Witnesses describe luminous balls of light, variously red, blue, yellow, and white, appearing above the ridge after dark. Reports describe the lights as silent, moving at varying speeds, sometimes hovering, sometimes ascending or descending, and occasionally splitting or merging. The phenomenon does not occur every night, but recurs frequently enough that organized observation has continued for over a century.
Cherokee and Catawba oral tradition references the lights, with stories typically dating them to a battle between the two nations. The first widely-circulated written account appeared in the Charlotte Daily Observer on September 24, 1913, describing "mysterious lights seen just above the horizon every night," red in color, appearing "punctually" at 7:30 PM and again at 10 PM.

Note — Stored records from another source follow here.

lemma cseq_iff:
  assumes "simple_graph V E"
  shows "cseq V E x \<longleftrightarrow> bij_betw x {1..card V + card E} (elems V E) \<and>
           (\<forall>e\<in>E. \<forall>a\<in>e. pos V E x (Inl a) < pos V E x (Inr e))"
proof -
  have "(\<forall>u w. e = {u, w} \<longrightarrow> max (pos V E x (Inl u)) (pos V E x (Inl w)) < pos V E x (Inr e))
          \<longleftrightarrow> (\<forall>a\<in>e. pos V E x (Inl a) < pos V E x (Inr e))" if e: "e \<in> E" for e
  proof
    obtain u w where "e = {u, w}" using simple_graph_edgeE[OF assms e] by metis
    moreover assume "\<forall>u w. e = {u, w} \<longrightarrow> max (pos V E x (Inl u)) (pos V E x (Inl w)) < pos V E x (Inr e)"
    ultimately show "\<forall>a\<in>e. pos V E x (Inl a) < pos V E x (Inr e)" by auto
  qed auto
  then show ?thesis unfolding cseq_def by auto
qed

lemma bij_betw_pos:
  "cseq V E x \<Longrightarrow> bij_betw (pos V E x) (elems V E) {1..card V + card E}"
  unfolding cseq_def pos_def by (blast intro: bij_betw_inv_into)

lemma cseq_pos_eq_iff:
  "cseq V E x \<Longrightarrow> a \<in> elems V E \<Longrightarrow> b \<in> elems V E \<Longrightarrow> pos V E x a = pos V E x b \<longleftrightarrow> a = b"
  using bij_betw_pos by (metis bij_betw_iff_bijections)

lemma cseq_pos_mem:
  "cseq V E x \<Longrightarrow> a \<in> elems V E \<Longrightarrow> pos V E x a \<in> {1..card V + card E}"
  using bij_betw_pos bij_betwE by blast

lemma cseq_sum_pos:
  assumes "simple_graph V E" "cseq V E x"
  shows "(\<Sum>v\<in>V. pos V E x (Inl v)) + (\<Sum>e\<in>E. pos V E x (Inr e)) = \<Sum>{1..card V + card E}"
proof -
  have "\<Sum>{1..card V + card E} = (\<Sum>a\<in>elems V E. pos V E x a)"
    using sum.reindex_bij_betw[OF bij_betw_pos[OF assms(2)], of id] by simp
  also have "\<dots> = (\<Sum>a\<in>Inl ` V. pos V E x a) + (\<Sum>a\<in>Inr ` E. pos V E x a)"
    unfolding elems_def using simple_graph_finite[OF assms(1)] by (intro sum.union_disjoint) auto
  also have "\<dots> = (\<Sum>v\<in>V. pos V E x (Inl v)) + (\<Sum>e\<in>E. pos V E x (Inr e))"
    by (simp add: sum.reindex)
  finally show ?thesis by simp
qed

lemma cost_bounded:
  assumes "simple_graph V E" "cseq V E x"
  shows "\<bar>cost V E x\<bar> \<le> int (card E * (2 * (card V + card E)))"
proof -
  let ?n = "card V + card E"
  have term_bound: "\<bar>2 * int (pos V E x (Inr e)) - (\<Sum>v\<in>e. int (pos V E x (Inl v)))\<bar> \<le> int (2 * ?n)"
    if "e \<in> E" for e
  proof -
    obtain u w where uw: "u \<noteq> w" "u \<in> V" "w \<in> V" "e = {u, w}"
      using simple_graph_edgeE[OF assms(1) \<open>e \<in> E\<close>] .
    then have "Inr e \<in> elems V E" "Inl u \<in> elems V E" "Inl w \<in> elems V E"
      using that by (auto simp: elems_def)
    then have "pos V E x (Inr e) \<in> {1..?n}" "pos V E x (Inl u) \<in> {1..?n}" "pos V E x (Inl w) \<in> {1..?n}"
      using cseq_pos_mem[OF assms(2)] by blast+
    with uw show ?thesis by auto
  qed
  have "\<bar>cost V E x\<bar> \<le> (\<Sum>e\<in>E. \<bar>2 * int (pos V E x (Inr e)) - (\<Sum>v\<in>e. int (pos V E x (Inl v)))\<bar>)"
    unfolding cost_def by (rule sum_abs)
  also have "\<dots> \<le> of_nat (card E) * int (2 * ?n)"
    using term_bound by (rule sum_bounded_above)
  finally show ?thesis by simp
qed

The United States Geological Survey dispatched D.B. Sterrett to investigate later that year. Sterrett concluded that the lights observed from Loven's Hotel near Cold Spring Mountain were the headlights of westbound Southern Railway locomotives, and that train schedules matched the reported timing. A 1916 flood disrupted rail service in the region, and the lights were observed during the disruption, undermining the simple railway explanation. The USGS returned in 1922 with geologist George Rogers Mansfield, who proposed that the lights were a combination of locomotive headlights, automobile headlights, brush fires, and stationary lights misperceived through atmospheric refraction. Mansfield's report acknowledged that some sightings remained unexplained.
Subsequent investigations have proposed ball lightning, swamp gas combustion, mineral phosphorescence, piezoelectric discharge from quartz formations under tectonic stress, and atmospheric mirage effects. None of these explanations has gained universal acceptance among researchers. The Lights have been studied by Appalachian State University faculty, the U.S. Army's Aerial Phenomena Investigation Branch, and independent researchers, with periodic publication of new observations and theories.